Source data:
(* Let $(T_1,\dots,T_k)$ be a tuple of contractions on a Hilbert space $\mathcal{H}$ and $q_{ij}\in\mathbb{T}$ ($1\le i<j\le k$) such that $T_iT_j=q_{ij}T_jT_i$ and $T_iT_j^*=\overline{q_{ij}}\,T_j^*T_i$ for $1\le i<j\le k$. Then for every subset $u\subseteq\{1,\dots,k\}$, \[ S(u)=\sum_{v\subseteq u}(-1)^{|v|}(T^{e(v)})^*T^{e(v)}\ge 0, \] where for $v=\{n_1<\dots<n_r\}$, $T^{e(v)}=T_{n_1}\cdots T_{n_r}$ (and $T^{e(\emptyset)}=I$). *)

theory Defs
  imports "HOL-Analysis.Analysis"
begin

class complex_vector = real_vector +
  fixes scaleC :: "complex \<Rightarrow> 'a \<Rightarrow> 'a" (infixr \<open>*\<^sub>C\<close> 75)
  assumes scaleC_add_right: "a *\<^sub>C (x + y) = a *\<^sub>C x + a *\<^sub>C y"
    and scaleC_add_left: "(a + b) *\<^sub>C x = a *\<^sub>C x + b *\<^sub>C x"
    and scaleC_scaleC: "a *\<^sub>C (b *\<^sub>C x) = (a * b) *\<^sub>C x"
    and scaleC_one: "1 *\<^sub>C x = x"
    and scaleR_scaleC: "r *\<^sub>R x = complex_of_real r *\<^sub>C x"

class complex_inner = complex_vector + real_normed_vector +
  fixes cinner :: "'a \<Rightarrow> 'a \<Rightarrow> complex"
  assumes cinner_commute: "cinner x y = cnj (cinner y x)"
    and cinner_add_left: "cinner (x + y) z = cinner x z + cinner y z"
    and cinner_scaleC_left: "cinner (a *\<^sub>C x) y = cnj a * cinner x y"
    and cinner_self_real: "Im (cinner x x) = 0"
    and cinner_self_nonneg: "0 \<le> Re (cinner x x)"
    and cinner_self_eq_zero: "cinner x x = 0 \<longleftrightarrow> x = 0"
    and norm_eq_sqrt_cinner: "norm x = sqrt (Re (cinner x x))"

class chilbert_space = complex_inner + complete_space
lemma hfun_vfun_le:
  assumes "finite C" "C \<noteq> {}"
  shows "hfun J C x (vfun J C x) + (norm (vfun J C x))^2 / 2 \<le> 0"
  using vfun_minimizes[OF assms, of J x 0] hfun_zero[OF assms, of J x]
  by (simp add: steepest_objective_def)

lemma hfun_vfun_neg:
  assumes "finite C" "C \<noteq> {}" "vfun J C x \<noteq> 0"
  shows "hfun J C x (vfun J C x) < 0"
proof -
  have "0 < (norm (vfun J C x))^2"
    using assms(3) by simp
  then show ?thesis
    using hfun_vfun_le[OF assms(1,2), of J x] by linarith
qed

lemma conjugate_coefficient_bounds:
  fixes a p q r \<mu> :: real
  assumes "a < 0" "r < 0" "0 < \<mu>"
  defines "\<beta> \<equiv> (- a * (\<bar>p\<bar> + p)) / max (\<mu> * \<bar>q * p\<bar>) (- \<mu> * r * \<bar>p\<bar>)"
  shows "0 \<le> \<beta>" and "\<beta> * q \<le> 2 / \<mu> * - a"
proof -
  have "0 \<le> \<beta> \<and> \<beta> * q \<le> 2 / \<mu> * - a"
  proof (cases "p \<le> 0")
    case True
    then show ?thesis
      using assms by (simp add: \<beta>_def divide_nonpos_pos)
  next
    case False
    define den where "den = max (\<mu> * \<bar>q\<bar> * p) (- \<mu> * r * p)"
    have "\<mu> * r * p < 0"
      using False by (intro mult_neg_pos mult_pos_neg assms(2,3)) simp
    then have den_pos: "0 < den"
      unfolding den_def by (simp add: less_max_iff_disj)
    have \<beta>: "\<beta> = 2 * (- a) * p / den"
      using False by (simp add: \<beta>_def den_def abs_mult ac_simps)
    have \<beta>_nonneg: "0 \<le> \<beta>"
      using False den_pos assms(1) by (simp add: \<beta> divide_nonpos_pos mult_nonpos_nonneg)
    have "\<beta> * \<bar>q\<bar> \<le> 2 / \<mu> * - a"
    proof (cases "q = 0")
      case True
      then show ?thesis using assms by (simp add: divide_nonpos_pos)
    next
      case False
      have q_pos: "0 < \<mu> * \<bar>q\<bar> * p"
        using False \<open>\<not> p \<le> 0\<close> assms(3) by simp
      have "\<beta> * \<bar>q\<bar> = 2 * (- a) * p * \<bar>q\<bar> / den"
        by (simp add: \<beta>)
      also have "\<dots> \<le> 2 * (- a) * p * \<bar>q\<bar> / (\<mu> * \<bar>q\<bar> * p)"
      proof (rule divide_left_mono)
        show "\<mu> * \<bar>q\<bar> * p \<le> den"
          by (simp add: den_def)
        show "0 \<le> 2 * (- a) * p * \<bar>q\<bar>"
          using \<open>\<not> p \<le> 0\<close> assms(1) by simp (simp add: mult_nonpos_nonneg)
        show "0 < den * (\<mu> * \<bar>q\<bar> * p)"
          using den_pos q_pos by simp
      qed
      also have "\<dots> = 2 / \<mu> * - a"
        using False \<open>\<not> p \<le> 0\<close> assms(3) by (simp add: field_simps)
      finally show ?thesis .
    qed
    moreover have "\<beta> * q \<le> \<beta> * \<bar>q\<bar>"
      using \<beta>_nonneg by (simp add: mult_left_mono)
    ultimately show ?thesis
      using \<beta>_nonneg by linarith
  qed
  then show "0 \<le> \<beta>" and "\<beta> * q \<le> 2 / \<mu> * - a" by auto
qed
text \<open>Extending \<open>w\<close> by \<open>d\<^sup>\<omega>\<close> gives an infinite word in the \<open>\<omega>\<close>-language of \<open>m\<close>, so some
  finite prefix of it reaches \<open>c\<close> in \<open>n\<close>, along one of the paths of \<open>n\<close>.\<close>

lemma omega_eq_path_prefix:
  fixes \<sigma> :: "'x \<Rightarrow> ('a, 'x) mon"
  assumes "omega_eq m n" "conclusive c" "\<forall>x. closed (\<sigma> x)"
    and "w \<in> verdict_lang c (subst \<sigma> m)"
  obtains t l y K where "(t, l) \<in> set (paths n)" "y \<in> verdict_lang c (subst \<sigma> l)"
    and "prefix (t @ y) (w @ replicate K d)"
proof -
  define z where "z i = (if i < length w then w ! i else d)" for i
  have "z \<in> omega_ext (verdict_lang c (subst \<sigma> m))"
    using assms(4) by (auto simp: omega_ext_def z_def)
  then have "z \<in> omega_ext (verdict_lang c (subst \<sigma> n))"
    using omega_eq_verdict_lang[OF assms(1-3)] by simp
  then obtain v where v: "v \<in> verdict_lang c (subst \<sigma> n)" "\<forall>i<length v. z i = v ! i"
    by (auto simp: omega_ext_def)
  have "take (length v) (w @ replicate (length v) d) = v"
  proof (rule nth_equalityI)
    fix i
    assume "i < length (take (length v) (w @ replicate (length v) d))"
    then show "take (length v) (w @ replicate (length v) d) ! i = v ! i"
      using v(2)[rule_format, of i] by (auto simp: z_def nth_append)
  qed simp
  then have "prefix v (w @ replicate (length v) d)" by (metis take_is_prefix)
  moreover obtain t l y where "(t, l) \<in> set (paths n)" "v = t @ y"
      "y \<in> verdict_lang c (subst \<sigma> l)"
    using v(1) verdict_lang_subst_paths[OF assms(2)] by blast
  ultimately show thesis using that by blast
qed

Exercise goal:
If a line in the material above contains the word "open", copy it.

Solution for this task:
  fixes scaleC :: "complex \<Rightarrow> 'a \<Rightarrow> 'a" (infixr \<open>*\<^sub>C\<close> 75)
        using False \<open>\<not> p \<le> 0\<close> assms(3) by simp
          using \<open>\<not> p \<le> 0\<close> assms(1) by simp (simp add: mult_nonpos_nonneg)
        using False \<open>\<not> p \<le> 0\<close> assms(3) by (simp add: field_simps)
text \<open>Extending \<open>w\<close> by \<open>d\<^sup>\<omega>\<close> gives an infinite word in the \<open>\<omega>\<close>-language of \<open>m\<close>, so some
  finite prefix of it reaches \<open>c\<close> in \<open>n\<close>, along one of the paths of \<open>n\<close>.\<close>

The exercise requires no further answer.